> [Dataset entries]
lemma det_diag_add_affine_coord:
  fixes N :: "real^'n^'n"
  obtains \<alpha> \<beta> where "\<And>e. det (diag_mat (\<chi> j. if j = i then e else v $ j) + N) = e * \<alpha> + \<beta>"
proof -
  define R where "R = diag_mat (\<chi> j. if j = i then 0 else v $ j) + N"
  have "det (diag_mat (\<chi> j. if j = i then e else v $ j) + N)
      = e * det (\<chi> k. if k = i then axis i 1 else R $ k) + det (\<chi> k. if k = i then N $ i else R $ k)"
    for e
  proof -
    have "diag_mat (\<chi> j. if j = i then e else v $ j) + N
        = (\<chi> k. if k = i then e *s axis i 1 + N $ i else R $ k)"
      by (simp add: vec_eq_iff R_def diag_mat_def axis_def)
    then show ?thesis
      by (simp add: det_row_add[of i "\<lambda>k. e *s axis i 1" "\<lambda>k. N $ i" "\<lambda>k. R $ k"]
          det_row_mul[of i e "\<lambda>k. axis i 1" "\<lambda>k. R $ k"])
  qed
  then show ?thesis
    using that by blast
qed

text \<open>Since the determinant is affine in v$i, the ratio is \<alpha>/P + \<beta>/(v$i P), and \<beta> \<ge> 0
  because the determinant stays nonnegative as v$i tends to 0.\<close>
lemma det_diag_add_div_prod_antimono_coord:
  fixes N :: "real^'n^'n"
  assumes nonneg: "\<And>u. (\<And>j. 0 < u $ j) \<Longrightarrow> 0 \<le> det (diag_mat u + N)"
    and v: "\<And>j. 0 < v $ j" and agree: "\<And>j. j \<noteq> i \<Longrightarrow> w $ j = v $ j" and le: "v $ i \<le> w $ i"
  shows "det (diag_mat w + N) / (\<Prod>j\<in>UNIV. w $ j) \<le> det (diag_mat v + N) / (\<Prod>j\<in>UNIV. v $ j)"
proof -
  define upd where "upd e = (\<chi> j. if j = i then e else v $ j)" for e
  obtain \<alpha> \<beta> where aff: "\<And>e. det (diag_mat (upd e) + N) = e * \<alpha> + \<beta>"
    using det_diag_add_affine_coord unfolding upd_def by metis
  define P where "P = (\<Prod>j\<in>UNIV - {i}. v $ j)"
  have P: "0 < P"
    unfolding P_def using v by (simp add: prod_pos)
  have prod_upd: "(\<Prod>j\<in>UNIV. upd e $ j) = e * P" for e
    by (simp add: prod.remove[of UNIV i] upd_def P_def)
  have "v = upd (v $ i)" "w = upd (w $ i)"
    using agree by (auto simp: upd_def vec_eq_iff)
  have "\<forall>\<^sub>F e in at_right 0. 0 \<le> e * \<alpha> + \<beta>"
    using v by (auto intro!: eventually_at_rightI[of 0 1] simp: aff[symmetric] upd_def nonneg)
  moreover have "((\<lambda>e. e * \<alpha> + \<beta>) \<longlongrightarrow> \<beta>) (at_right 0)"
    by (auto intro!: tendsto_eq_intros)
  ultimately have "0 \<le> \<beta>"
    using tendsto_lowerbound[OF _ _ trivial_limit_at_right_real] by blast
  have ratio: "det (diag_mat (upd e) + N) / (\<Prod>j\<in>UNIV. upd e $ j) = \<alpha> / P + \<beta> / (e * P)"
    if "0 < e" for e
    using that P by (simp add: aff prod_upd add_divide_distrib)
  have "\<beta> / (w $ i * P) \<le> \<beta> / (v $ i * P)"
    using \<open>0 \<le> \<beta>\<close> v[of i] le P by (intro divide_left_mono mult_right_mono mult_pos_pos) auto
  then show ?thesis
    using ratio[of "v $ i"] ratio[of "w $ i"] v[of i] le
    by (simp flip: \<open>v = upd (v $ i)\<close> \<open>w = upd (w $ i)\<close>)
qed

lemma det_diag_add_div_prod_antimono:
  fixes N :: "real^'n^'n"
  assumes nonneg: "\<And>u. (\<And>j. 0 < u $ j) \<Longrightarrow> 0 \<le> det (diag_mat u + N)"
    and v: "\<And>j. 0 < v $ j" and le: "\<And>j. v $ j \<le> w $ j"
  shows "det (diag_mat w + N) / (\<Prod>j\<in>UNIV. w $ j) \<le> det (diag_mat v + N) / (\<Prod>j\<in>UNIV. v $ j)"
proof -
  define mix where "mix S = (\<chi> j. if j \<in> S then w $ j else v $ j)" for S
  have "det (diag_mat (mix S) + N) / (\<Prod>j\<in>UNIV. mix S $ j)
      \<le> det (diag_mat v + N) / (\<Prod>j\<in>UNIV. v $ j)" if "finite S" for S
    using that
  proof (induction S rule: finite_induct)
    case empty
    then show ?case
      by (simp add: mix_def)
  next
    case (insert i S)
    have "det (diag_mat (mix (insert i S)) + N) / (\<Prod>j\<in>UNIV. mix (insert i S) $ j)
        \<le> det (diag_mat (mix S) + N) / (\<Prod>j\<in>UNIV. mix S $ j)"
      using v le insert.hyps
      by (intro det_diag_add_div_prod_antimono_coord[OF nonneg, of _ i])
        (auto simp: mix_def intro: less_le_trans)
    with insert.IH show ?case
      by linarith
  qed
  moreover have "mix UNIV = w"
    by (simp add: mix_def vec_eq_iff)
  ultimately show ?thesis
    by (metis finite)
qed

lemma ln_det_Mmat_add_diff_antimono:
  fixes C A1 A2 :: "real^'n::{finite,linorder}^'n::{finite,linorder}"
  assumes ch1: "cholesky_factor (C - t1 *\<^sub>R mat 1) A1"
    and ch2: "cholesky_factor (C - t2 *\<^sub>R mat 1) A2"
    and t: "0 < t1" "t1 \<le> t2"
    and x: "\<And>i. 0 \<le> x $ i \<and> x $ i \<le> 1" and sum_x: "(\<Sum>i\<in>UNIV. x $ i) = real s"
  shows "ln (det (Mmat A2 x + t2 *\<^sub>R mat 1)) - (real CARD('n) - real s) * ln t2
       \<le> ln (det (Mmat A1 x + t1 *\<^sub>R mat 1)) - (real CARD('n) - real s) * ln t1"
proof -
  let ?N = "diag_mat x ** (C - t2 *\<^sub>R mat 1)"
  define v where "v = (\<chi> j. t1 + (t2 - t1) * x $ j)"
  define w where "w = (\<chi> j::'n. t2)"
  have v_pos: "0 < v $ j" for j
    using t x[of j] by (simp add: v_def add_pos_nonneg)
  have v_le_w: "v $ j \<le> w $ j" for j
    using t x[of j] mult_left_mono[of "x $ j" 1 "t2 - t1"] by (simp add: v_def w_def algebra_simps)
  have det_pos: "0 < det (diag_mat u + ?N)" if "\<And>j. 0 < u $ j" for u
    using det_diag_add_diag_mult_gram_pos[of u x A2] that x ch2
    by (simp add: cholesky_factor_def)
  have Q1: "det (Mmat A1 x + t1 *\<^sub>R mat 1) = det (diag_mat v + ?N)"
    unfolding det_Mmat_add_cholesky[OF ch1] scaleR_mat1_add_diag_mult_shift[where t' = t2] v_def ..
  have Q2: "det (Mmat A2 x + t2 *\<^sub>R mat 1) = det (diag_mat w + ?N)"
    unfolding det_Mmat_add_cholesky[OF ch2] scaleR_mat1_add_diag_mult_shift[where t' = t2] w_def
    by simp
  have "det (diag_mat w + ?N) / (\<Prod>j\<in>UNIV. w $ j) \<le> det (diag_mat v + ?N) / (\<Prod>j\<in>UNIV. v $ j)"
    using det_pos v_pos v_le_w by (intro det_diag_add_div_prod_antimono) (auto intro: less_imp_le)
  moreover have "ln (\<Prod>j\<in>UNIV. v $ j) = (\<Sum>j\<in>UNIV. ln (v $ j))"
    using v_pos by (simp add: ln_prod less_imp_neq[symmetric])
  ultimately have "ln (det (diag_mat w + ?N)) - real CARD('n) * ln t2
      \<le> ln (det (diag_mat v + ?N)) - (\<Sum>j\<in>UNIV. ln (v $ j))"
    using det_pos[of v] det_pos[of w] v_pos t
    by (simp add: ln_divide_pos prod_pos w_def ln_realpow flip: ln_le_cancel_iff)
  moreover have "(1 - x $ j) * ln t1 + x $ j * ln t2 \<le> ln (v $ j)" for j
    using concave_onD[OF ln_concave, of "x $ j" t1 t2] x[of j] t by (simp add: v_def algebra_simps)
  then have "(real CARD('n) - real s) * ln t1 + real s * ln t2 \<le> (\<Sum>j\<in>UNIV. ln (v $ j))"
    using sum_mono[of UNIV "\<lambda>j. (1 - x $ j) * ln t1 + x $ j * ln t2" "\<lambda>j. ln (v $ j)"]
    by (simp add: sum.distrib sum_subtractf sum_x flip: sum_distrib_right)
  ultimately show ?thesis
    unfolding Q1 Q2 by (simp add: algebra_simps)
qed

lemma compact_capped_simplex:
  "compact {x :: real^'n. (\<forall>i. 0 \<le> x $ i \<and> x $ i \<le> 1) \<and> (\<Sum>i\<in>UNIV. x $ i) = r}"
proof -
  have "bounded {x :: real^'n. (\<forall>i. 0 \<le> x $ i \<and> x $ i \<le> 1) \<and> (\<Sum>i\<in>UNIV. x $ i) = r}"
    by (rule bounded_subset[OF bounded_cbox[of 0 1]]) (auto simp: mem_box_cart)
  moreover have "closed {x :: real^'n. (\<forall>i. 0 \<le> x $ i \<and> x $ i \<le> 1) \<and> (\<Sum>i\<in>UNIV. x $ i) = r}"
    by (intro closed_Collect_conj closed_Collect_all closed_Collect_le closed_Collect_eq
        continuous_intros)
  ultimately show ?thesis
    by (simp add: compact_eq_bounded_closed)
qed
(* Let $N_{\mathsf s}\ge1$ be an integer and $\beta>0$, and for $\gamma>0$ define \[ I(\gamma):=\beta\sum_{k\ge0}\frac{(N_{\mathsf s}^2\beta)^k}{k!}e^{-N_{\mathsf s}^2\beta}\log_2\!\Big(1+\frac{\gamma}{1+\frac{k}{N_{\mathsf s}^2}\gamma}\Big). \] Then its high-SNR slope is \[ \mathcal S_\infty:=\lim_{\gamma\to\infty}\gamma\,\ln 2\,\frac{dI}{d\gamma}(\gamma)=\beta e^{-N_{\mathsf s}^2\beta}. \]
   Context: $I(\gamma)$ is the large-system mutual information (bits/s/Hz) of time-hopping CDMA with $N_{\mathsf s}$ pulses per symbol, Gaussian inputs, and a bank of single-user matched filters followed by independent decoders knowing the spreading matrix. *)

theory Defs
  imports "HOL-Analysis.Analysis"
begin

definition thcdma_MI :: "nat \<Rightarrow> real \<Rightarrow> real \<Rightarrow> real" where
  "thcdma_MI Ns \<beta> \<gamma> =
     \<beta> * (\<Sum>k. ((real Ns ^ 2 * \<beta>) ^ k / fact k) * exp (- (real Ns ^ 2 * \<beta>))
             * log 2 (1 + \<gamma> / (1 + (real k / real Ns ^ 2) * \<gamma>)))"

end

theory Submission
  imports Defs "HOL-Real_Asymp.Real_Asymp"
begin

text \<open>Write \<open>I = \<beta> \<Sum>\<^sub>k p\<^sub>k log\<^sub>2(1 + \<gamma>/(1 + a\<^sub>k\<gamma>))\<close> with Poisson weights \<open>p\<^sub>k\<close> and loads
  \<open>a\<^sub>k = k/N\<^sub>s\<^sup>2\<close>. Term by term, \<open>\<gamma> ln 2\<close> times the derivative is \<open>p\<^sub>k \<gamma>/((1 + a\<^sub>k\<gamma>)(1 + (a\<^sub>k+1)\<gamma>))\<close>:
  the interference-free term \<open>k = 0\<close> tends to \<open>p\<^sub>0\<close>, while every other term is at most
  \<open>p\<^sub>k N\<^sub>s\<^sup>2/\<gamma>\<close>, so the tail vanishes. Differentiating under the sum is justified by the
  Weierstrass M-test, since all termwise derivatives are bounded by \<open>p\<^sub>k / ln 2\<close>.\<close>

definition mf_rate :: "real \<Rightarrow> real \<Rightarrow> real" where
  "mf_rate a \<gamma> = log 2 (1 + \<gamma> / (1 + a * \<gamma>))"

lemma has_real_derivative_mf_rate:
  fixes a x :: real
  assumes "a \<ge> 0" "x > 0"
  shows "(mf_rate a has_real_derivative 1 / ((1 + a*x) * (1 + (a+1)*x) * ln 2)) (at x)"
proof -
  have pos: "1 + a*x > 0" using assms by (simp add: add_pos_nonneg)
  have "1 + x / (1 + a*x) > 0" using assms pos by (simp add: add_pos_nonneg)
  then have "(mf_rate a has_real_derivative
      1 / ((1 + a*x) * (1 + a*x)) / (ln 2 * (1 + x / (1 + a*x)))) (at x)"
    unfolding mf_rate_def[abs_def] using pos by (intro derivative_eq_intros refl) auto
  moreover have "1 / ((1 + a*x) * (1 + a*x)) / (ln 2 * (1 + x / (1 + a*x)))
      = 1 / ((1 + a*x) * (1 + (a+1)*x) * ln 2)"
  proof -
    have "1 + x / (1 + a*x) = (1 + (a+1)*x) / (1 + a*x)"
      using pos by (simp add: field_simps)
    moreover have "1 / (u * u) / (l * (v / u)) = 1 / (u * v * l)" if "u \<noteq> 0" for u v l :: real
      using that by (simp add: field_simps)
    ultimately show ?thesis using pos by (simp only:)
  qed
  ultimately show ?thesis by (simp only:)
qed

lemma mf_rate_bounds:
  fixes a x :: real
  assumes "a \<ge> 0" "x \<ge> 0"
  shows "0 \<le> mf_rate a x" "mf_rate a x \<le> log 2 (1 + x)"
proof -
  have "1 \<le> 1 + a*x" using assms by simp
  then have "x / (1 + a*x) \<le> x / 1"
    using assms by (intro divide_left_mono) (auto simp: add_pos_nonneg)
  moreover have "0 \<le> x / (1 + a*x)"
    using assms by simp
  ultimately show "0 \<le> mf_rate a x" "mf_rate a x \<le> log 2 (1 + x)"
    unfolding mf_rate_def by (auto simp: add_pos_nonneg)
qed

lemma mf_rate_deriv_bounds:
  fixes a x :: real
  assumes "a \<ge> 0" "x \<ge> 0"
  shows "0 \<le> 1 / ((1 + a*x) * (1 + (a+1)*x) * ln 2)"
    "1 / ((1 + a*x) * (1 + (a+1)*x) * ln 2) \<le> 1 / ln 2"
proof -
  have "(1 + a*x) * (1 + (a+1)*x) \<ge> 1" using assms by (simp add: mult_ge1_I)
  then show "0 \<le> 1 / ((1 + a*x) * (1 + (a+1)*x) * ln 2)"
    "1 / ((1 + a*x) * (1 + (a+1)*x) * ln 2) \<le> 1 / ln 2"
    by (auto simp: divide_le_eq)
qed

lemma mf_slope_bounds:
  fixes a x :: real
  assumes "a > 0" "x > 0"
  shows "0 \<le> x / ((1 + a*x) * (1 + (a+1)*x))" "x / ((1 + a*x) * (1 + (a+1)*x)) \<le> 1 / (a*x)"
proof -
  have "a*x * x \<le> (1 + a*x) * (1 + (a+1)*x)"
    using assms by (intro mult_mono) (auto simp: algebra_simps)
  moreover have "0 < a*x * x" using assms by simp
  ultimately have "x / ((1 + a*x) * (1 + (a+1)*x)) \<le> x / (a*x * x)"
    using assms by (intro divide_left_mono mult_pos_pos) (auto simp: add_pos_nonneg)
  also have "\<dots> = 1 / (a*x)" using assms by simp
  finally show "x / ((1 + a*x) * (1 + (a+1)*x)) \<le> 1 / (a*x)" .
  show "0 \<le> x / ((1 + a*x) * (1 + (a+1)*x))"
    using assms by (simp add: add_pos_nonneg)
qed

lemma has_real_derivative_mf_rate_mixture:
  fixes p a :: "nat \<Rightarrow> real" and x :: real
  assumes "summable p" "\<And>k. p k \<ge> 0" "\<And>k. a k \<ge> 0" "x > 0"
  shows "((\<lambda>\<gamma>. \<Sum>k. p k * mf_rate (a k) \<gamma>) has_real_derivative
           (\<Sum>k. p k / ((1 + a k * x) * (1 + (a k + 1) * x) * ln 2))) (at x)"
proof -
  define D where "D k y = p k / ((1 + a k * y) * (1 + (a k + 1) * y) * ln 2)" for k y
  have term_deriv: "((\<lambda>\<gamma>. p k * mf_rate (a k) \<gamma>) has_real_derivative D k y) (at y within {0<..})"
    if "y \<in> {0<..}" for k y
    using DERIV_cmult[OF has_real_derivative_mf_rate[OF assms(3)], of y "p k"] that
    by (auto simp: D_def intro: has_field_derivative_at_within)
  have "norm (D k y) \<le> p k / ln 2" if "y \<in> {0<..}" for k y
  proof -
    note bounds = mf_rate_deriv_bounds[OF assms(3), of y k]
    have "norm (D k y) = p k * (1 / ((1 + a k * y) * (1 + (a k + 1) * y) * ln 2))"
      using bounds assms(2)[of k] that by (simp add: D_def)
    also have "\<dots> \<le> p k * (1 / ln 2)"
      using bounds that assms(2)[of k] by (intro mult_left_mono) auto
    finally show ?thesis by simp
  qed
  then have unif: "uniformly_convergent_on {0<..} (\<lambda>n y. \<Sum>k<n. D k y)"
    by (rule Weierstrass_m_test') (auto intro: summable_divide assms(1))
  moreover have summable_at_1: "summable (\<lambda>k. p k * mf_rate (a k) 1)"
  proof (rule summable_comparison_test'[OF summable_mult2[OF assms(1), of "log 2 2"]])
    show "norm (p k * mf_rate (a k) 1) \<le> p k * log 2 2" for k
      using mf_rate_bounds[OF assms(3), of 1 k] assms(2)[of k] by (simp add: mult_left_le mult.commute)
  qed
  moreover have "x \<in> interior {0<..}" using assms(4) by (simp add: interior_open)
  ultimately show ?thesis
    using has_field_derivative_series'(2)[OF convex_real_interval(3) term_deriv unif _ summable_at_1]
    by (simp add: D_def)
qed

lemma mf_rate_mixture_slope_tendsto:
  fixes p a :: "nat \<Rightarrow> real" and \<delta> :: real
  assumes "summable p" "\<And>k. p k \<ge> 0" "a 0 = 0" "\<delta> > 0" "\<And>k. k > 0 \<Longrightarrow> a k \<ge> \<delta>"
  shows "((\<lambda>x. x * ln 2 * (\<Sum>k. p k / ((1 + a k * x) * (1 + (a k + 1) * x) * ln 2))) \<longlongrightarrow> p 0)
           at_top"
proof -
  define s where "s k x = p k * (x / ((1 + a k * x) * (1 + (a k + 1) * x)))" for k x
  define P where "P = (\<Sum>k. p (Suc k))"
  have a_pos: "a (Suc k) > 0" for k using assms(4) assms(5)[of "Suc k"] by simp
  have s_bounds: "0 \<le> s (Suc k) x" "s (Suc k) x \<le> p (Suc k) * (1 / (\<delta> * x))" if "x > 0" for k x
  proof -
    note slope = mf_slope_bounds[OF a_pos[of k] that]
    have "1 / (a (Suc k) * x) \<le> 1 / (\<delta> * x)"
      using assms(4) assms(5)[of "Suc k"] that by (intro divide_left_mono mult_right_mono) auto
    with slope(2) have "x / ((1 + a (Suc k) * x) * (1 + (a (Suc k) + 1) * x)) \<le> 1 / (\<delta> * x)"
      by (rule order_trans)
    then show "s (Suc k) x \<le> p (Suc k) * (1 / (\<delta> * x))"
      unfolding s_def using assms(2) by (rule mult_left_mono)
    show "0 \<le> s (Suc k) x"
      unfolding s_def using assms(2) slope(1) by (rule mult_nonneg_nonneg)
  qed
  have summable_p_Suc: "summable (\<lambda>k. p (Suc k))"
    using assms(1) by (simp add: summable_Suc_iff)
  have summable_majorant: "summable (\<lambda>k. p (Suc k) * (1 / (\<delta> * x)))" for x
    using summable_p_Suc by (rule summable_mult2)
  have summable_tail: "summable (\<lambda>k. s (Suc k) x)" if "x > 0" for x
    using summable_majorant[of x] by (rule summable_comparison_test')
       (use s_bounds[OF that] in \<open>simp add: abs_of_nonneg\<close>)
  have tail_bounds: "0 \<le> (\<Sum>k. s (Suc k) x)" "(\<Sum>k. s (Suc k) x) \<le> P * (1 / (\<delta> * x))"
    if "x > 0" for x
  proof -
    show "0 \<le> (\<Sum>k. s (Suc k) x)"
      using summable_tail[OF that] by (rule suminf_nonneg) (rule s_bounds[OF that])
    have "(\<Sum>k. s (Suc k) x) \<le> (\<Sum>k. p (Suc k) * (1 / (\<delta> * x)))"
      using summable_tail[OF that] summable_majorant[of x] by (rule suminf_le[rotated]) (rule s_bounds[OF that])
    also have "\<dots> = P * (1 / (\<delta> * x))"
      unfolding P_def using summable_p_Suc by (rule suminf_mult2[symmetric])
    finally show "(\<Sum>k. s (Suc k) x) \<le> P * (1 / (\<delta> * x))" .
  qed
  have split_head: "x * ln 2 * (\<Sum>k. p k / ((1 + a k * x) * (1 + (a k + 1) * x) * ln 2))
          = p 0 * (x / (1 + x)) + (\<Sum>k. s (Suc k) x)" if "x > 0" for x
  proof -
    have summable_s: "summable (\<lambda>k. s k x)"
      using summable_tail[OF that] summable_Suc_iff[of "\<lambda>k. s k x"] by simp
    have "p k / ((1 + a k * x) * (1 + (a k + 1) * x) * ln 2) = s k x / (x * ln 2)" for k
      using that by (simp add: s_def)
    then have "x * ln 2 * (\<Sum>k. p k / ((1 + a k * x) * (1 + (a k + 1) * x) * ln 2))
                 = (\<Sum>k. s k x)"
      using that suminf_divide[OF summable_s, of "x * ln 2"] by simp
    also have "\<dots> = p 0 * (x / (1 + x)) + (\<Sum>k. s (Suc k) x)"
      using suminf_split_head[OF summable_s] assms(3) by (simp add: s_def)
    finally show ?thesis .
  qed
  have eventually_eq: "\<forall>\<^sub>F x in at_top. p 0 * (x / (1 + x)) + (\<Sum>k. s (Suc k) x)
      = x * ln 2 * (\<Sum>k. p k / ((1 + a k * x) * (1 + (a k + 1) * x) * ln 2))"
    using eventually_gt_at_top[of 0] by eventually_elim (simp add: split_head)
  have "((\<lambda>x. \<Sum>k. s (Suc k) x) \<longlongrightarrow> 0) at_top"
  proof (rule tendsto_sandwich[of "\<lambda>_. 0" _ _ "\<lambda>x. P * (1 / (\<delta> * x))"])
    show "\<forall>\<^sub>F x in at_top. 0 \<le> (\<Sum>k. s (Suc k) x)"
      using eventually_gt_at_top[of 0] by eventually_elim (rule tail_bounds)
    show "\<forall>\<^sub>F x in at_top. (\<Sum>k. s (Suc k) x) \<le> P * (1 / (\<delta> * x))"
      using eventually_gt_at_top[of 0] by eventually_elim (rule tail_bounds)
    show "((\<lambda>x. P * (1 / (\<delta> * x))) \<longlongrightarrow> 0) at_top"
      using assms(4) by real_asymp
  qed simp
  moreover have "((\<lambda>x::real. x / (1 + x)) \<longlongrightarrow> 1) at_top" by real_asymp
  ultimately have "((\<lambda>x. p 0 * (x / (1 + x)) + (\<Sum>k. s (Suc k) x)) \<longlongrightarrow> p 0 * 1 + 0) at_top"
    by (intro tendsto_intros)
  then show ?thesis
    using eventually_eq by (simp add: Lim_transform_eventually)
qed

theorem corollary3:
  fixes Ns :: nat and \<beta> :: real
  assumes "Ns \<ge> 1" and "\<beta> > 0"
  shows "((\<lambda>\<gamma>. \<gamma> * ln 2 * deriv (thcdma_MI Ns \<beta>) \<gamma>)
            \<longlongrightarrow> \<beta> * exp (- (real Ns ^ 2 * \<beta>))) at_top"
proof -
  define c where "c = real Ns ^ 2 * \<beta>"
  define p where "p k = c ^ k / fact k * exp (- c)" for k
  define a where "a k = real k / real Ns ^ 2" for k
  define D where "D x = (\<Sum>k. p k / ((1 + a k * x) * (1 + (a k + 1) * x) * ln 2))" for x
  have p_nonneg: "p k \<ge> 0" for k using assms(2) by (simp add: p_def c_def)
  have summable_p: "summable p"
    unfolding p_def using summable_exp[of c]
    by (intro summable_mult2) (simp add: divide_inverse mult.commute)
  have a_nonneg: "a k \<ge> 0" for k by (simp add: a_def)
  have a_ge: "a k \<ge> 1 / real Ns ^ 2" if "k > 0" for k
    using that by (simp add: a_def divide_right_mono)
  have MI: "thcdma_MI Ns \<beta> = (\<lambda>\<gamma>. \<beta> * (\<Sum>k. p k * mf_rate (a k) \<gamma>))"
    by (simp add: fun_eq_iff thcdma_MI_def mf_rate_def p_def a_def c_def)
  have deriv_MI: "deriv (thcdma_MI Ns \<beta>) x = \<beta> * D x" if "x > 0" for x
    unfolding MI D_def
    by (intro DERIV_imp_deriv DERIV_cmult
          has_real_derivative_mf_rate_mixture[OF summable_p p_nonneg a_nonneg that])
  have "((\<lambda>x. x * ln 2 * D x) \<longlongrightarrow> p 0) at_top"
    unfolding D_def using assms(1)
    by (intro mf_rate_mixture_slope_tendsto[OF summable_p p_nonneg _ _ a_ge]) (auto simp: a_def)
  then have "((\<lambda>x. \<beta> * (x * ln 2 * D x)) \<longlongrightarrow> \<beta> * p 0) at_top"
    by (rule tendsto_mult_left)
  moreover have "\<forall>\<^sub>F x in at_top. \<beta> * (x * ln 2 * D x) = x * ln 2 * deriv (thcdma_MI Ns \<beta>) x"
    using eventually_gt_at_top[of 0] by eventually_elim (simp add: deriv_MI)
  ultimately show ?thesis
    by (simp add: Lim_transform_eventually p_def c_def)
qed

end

> [Task] Every line above from the line with "fixes C A1 A2" to the line with "x $ i) = real" is wanted, ends included; write them out exactly and add no other line.

> [Response box]
  fixes C A1 A2 :: "real^'n::{finite,linorder}^'n::{finite,linorder}"
  assumes ch1: "cholesky_factor (C - t1 *\<^sub>R mat 1) A1"
    and ch2: "cholesky_factor (C - t2 *\<^sub>R mat 1) A2"
    and t: "0 < t1" "t1 \<le> t2"
    and x: "\<And>i. 0 \<le> x $ i \<and> x $ i \<le> 1" and sum_x: "(\<Sum>i\<in>UNIV. x $ i) = real s"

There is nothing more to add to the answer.